▶ Your instructions: From the records below, copy out exactly the lines from the one containing "finite_UnI finite_imageI finite)" to the one containing "j = partial", both included. Add nothing else.

(Collected data)
-.-.-

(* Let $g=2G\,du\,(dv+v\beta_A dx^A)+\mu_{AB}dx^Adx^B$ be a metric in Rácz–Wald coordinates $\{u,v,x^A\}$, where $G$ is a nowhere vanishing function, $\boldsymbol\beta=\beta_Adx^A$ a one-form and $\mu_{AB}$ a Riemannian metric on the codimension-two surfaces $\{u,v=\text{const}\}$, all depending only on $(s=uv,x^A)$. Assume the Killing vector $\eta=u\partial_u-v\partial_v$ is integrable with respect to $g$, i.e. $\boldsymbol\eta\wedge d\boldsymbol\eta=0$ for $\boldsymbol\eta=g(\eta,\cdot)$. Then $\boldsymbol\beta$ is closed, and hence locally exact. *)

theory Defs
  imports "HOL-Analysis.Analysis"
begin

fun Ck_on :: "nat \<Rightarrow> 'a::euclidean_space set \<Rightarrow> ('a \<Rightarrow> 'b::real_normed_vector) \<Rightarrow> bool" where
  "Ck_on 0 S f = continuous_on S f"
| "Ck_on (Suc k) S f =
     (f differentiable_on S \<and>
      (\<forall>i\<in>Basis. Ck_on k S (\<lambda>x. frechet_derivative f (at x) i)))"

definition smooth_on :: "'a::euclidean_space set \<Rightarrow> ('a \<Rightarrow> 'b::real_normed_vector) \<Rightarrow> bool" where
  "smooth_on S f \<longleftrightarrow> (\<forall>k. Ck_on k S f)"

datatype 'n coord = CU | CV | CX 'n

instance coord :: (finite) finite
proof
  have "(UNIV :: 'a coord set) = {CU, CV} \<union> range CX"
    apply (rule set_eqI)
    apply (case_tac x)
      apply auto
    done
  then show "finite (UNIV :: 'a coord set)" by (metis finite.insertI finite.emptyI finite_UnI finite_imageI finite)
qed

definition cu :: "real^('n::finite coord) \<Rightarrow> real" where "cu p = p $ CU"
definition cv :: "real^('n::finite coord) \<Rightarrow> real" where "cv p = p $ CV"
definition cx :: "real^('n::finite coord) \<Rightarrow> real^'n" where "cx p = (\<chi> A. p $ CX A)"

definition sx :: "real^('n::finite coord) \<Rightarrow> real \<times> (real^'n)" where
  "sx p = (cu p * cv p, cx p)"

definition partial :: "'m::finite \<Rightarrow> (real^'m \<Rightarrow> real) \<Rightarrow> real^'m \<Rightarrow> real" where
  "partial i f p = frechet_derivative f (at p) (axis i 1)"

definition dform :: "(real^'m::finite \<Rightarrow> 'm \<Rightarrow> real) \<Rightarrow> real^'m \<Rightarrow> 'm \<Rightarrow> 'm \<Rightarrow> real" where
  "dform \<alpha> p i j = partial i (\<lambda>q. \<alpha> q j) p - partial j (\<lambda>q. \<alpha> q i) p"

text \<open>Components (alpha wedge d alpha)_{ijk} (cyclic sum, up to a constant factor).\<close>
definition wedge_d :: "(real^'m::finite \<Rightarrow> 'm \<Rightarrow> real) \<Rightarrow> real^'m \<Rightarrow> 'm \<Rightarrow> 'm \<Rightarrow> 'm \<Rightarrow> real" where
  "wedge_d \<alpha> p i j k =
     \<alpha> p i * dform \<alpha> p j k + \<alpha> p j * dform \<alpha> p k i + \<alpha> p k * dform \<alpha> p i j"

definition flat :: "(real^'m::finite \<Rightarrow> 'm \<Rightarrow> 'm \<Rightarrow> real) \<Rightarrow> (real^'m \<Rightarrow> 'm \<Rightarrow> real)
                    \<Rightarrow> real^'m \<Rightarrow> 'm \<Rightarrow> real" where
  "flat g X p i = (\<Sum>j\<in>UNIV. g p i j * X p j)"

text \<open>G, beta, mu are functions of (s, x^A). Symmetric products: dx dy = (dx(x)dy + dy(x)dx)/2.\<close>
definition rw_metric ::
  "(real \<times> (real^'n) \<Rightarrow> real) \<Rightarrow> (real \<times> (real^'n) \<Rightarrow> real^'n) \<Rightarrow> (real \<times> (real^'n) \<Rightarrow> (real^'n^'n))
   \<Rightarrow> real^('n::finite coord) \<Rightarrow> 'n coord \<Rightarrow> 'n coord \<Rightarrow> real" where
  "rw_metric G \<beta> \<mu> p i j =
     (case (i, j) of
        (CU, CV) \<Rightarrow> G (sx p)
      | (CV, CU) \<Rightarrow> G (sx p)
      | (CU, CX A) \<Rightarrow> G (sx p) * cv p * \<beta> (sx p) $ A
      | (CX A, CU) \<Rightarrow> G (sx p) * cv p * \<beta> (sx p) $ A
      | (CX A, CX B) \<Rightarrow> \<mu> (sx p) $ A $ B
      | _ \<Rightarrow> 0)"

-.-.-

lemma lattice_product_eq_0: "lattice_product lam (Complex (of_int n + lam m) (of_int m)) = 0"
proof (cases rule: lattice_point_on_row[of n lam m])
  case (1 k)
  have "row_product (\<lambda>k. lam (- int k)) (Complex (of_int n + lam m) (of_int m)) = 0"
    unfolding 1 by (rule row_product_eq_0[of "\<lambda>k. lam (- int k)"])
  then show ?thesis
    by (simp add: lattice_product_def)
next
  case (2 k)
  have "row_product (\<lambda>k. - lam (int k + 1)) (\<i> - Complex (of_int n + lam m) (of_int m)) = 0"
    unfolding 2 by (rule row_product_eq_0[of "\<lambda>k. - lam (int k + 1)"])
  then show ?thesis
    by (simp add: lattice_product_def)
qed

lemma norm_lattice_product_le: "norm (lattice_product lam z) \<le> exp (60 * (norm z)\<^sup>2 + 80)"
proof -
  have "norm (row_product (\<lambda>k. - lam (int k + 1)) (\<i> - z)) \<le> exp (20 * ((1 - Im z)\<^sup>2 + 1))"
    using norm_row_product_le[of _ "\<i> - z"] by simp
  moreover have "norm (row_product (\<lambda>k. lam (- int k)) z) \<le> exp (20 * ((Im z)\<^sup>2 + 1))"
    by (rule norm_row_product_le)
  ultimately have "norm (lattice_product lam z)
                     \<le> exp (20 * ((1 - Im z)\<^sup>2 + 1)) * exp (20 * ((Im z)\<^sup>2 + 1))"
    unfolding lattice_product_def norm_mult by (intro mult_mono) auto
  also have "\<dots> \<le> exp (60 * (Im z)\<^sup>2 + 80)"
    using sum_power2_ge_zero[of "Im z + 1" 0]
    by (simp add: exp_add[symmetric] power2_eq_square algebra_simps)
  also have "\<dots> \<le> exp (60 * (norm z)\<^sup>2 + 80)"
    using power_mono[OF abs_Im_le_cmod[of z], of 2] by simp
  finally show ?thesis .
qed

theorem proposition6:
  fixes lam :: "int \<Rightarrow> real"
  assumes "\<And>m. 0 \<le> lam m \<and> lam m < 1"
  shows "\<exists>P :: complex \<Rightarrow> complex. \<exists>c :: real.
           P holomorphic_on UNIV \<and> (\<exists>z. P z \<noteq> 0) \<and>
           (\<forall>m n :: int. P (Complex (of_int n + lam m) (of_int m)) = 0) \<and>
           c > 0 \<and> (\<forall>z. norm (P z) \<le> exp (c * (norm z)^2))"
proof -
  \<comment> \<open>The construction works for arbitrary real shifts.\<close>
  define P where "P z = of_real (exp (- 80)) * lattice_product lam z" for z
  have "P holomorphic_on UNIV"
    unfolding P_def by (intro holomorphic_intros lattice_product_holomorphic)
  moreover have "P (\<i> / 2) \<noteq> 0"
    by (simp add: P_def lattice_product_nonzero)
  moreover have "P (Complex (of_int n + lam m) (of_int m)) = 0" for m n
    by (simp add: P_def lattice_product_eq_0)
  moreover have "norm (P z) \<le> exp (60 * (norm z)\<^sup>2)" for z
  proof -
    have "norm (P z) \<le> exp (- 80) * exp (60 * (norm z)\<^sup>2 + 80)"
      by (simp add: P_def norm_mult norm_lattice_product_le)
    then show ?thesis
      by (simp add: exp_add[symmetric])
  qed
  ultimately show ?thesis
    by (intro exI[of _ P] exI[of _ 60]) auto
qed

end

-.-.-

▶ Finished task:
  then show "finite (UNIV :: 'a coord set)" by (metis finite.insertI finite.emptyI finite_UnI finite_imageI finite)
qed

definition cu :: "real^('n::finite coord) \<Rightarrow> real" where "cu p = p $ CU"
definition cv :: "real^('n::finite coord) \<Rightarrow> real" where "cv p = p $ CV"
definition cx :: "real^('n::finite coord) \<Rightarrow> real^'n" where "cx p = (\<chi> A. p $ CX A)"

definition sx :: "real^('n::finite coord) \<Rightarrow> real \<times> (real^'n)" where
  "sx p = (cu p * cv p, cx p)"

definition partial :: "'m::finite \<Rightarrow> (real^'m \<Rightarrow> real) \<Rightarrow> real^'m \<Rightarrow> real" where
  "partial i f p = frechet_derivative f (at p) (axis i 1)"

definition dform :: "(real^'m::finite \<Rightarrow> 'm \<Rightarrow> real) \<Rightarrow> real^'m \<Rightarrow> 'm \<Rightarrow> 'm \<Rightarrow> real" where
  "dform \<alpha> p i j = partial i (\<lambda>q. \<alpha> q j) p - partial j (\<lambda>q. \<alpha> q i) p"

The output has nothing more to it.